Step 1 :This problem is about the sampling distribution of proportion. The sampling distribution of the sample proportion is approximately normally distributed if the sample size is large enough. We can use the standard normal distribution (Z-distribution) to calculate the probability.

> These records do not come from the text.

(* Let $F$ be a graph on vertex set $[k]$. Let $(W_n)_n$ be a sequence of graphons $W_n:\Omega^2\to[0,1]$ converging to a graphon $W$ in the cut-norm, and for each $n$ let $\mathfrak{c}_n$ be a fractional $F$-cover of $W_n$. Then every weak$^*$ accumulation point $\mathfrak{c}$ of $(\mathfrak{c}_n)_n$ is a fractional $F$-cover of $W$.
   Context: $(\Omega,\nu)$ is an atomless Borel probability space; a graphon is a symmetric measurable $W:\Omega^2\to[0,1]$. The cut-norm is $\|V\|_\square=\sup_{A,B\subset\Omega}|\int_{A\times B}V|$. Weak$^*$ convergence is in $\mathcal{L}^\infty(\Omega)$ viewed as the dual of $\mathcal{L}^1(\Omega)$: $f_n\to f$ weak$^*$ iff $\int f_ng\to\int fg$ for every $g\in\mathcal{L}^1(\Omega)$. For a graphon $W$, $W^{\otimes F}(x_1,\dots,x_k)=\prod_{ij\in E(F),i<j}W(x_i,x_j)$ and $\mathcal{F}_F(W)=\{W^{\otimes F}\neq0\}$. A fractional $F$-cover of $W$ is a measurable $\mathfrak{c}:\Omega\to[0,1]$ with $\nu^k\big(\mathcal{F}_F(W)\cap\{(x_1,\dots,x_k):\sum_{i=1}^k\mathfrak{c}(x_i)<1\}\big)=0$. *)

theory Defs
  imports "HOL-Probability.Probability"
begin

definition atomless :: "'a measure \<Rightarrow> bool" where
  "atomless M \<longleftrightarrow> (\<forall>A\<in>sets M. 0 < measure M A \<longrightarrow>
     (\<exists>B\<in>sets M. B \<subseteq> A \<and> 0 < measure M B \<and> measure M B < measure M A))"

definition graphon :: "'a measure \<Rightarrow> ('a \<Rightarrow> 'a \<Rightarrow> real) \<Rightarrow> bool" where
  "graphon M W \<longleftrightarrow> (\<lambda>(x,y). W x y) \<in> borel_measurable (M \<Otimes>\<^sub>M M)
     \<and> (\<forall>x\<in>space M. \<forall>y\<in>space M. W x y = W y x)
     \<and> (\<forall>x\<in>space M. \<forall>y\<in>space M. 0 \<le> W x y \<and> W x y \<le> 1)"

definition cut_norm :: "'a measure \<Rightarrow> ('a \<Rightarrow> 'a \<Rightarrow> real) \<Rightarrow> real" where
  "cut_norm M V = (SUP AB \<in> sets M \<times> sets M.
     \<bar>LINT z|(M \<Otimes>\<^sub>M M). indicator (fst AB \<times> snd AB) z * V (fst z) (snd z)\<bar>)"

definition graph_on :: "nat \<Rightarrow> (nat \<times> nat) set \<Rightarrow> bool" where
  "graph_on k E \<longleftrightarrow> (\<forall>(i,j)\<in>E. i < j \<and> j < k)"

definition hom_density_fun :: "(nat \<times> nat) set \<Rightarrow> ('a \<Rightarrow> 'a \<Rightarrow> real) \<Rightarrow> (nat \<Rightarrow> 'a) \<Rightarrow> real" where
  "hom_density_fun E W x = (\<Prod>(i,j)\<in>E. W (x i) (x j))"

definition frac_cover ::
  "'a measure \<Rightarrow> nat \<Rightarrow> (nat \<times> nat) set \<Rightarrow> ('a \<Rightarrow> 'a \<Rightarrow> real) \<Rightarrow> ('a \<Rightarrow> real) \<Rightarrow> bool" where
  "frac_cover M k E W c \<longleftrightarrow> c \<in> borel_measurable M
     \<and> (\<forall>x\<in>space M. 0 \<le> c x \<and> c x \<le> 1)
     \<and> emeasure (PiM {..<k} (\<lambda>_. M))
         {x \<in> space (PiM {..<k} (\<lambda>_. M)). hom_density_fun E W x \<noteq> 0 \<and> (\<Sum>i<k. c (x i)) < 1} = 0"

text \<open>c is a weak* accumulation (cluster) point of the sequence cs in L^infinity = (L^1)^*:
  every basic weak* neighbourhood of c (given by finitely many L^1 functions and eps > 0)
  contains cs n for infinitely many n.\<close>
definition weak_star_acc_point :: "'a measure \<Rightarrow> (nat \<Rightarrow> 'a \<Rightarrow> real) \<Rightarrow> ('a \<Rightarrow> real) \<Rightarrow> bool" where
  "weak_star_acc_point M cs c \<longleftrightarrow>
     (\<forall>G e N. finite G \<and> (\<forall>g\<in>G. integrable M g) \<and> 0 < e \<longrightarrow>
        (\<exists>n\<ge>N. \<forall>g\<in>G. \<bar>(LINT x|M. cs n x * g x) - (LINT x|M. c x * g x)\<bar> < e))"

end

theory Submission
  imports Defs
begin

text \<open>
  Fix a box \<open>X = X\<^sub>0 \<times> \<dots> \<times> X\<^sub>k\<^sub>-\<^sub>1\<close>. Since \<open>c\<^sub>n\<close> covers \<open>W\<^sub>n\<close>, the integral of
  \<open>W\<^sub>n\<^sup>\<otimes>\<^sup>F \<cdot> 1\<^sub>X \<cdot> (\<Sum>\<^sub>i c\<^sub>n(x\<^sub>i) - 1)\<close> is nonnegative. By the counting lemma, replacing
  \<open>W\<^sub>n\<^sup>\<otimes>\<^sup>F\<close> by \<open>W\<^sup>\<otimes>\<^sup>F\<close> costs at most \<open>|E(F)| \<parallel>W\<^sub>n - W\<parallel>\<^sub>\<box>\<close> per term, and after integrating out
  all coordinates but \<open>x\<^sub>i\<close> the term with \<open>c\<^sub>n(x\<^sub>i)\<close> becomes \<open>\<integral> c\<^sub>n h\<^sub>i\<close> for an \<open>h\<^sub>i \<in> L\<^sup>1\<close>,
  which is close to \<open>\<integral> c h\<^sub>i\<close> for infinitely many \<open>n\<close>. Hence the box integrals of
  \<open>W\<^sup>\<otimes>\<^sup>F \<cdot> (\<Sum>\<^sub>i c(x\<^sub>i) - 1)\<close> are nonnegative, and as boxes generate the product
  \<sigma>-algebra this function is nonnegative almost everywhere, which is the cover property.
  The accumulation point is first clipped to \<open>[0,1]\<close>, which changes it only on a null set.
\<close>

lemma PiE_lessThan_diff:
  fixes k :: nat
  shows "PiE {..<k} X - PiE {..<k} Y =
     (\<Union>j<k. PiE {..<k} (\<lambda>i. if i < j then X i \<inter> Y i else if i = j then X i - Y i else X i))"
  (is "_ = (\<Union>j<k. PiE {..<k} (?D j))")
proof
  show "PiE {..<k} X - PiE {..<k} Y \<subseteq> (\<Union>j<k. PiE {..<k} (?D j))"
  proof
    fix x assume x: "x \<in> PiE {..<k} X - PiE {..<k} Y"
    then have ex: "\<exists>i<k. x i \<notin> Y i"
      by (auto simp: PiE_iff)
    define j where "j = (LEAST i. i < k \<and> x i \<notin> Y i)"
    have j: "j < k" "x j \<notin> Y j"
      using LeastI_ex[of "\<lambda>i. i < k \<and> x i \<notin> Y i"] ex unfolding j_def by auto
    have "x i \<in> Y i" if "i < j" for i
      using not_less_Least[of i "\<lambda>i. i < k \<and> x i \<notin> Y i"] that j unfolding j_def by auto
    with x j have "x \<in> PiE {..<k} (?D j)"
      by (auto simp: PiE_iff)
    with j show "x \<in> (\<Union>j<k. PiE {..<k} (?D j))" by auto
  qed
  show "(\<Union>j<k. PiE {..<k} (?D j)) \<subseteq> PiE {..<k} X - PiE {..<k} Y"
  proof
    fix x assume "x \<in> (\<Union>j<k. PiE {..<k} (?D j))"
    then obtain j where j: "j < k" "x \<in> PiE {..<k} (?D j)" by auto
    then have "x j \<notin> Y j"
      using PiE_mem[OF j(2), of j] by auto
    with j show "x \<in> PiE {..<k} X - PiE {..<k} Y"
      by (auto simp: PiE_iff split: if_splits)
  qed
qed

Step 2 :The formula to calculate the Z score is: \(Z = \frac{{p\_hat - p}}{{\sqrt{{\frac{{p*(1-p)}}{n}}}}\), where \(p\_hat\) is the sample proportion, \(p\) is the population proportion, and \(n\) is the sample size.
Step 3 :In this case, we want to find the probability that the sample proportion will differ from the population proportion by less than 0.04, which means we want to find \(P(-0.04 < p\_hat - p < 0.04)\). We can convert this to the Z score and find the corresponding probability from the Z-distribution.
Step 4 :Let's calculate the Z scores for the two boundaries (-0.04 and 0.04) and find the corresponding probabilities. The final answer will be the difference between the two probabilities.
Step 5 :Given that \(p = 0.05\) and \(n = 216\), we can calculate the standard deviation as \(\sqrt{{\frac{{p*(1-p)}}{n}}} = 0.014829275350043488\).
Step 6 :The Z scores for the two boundaries are calculated as \(Z1 = \frac{{-0.04 - p}}{{std\_dev}} = 0.6743417843388197\) and \(Z2 = \frac{{0.04 - p}}{{std\_dev}} = 6.069076059049377\).
Step 7 :The corresponding probabilities from the Z-distribution are \(prob1 = 0.7499529775707622\) and \(prob2 = 0.999999999356759\).
Step 8 :The final probability that the sample proportion will differ from the population proportion by less than 0.04 is \(prob = prob2 - prob1 = 0.2500470217859968\).
Step 9 :Rounding to four decimal places, the final answer is \(\boxed{0.2500}\).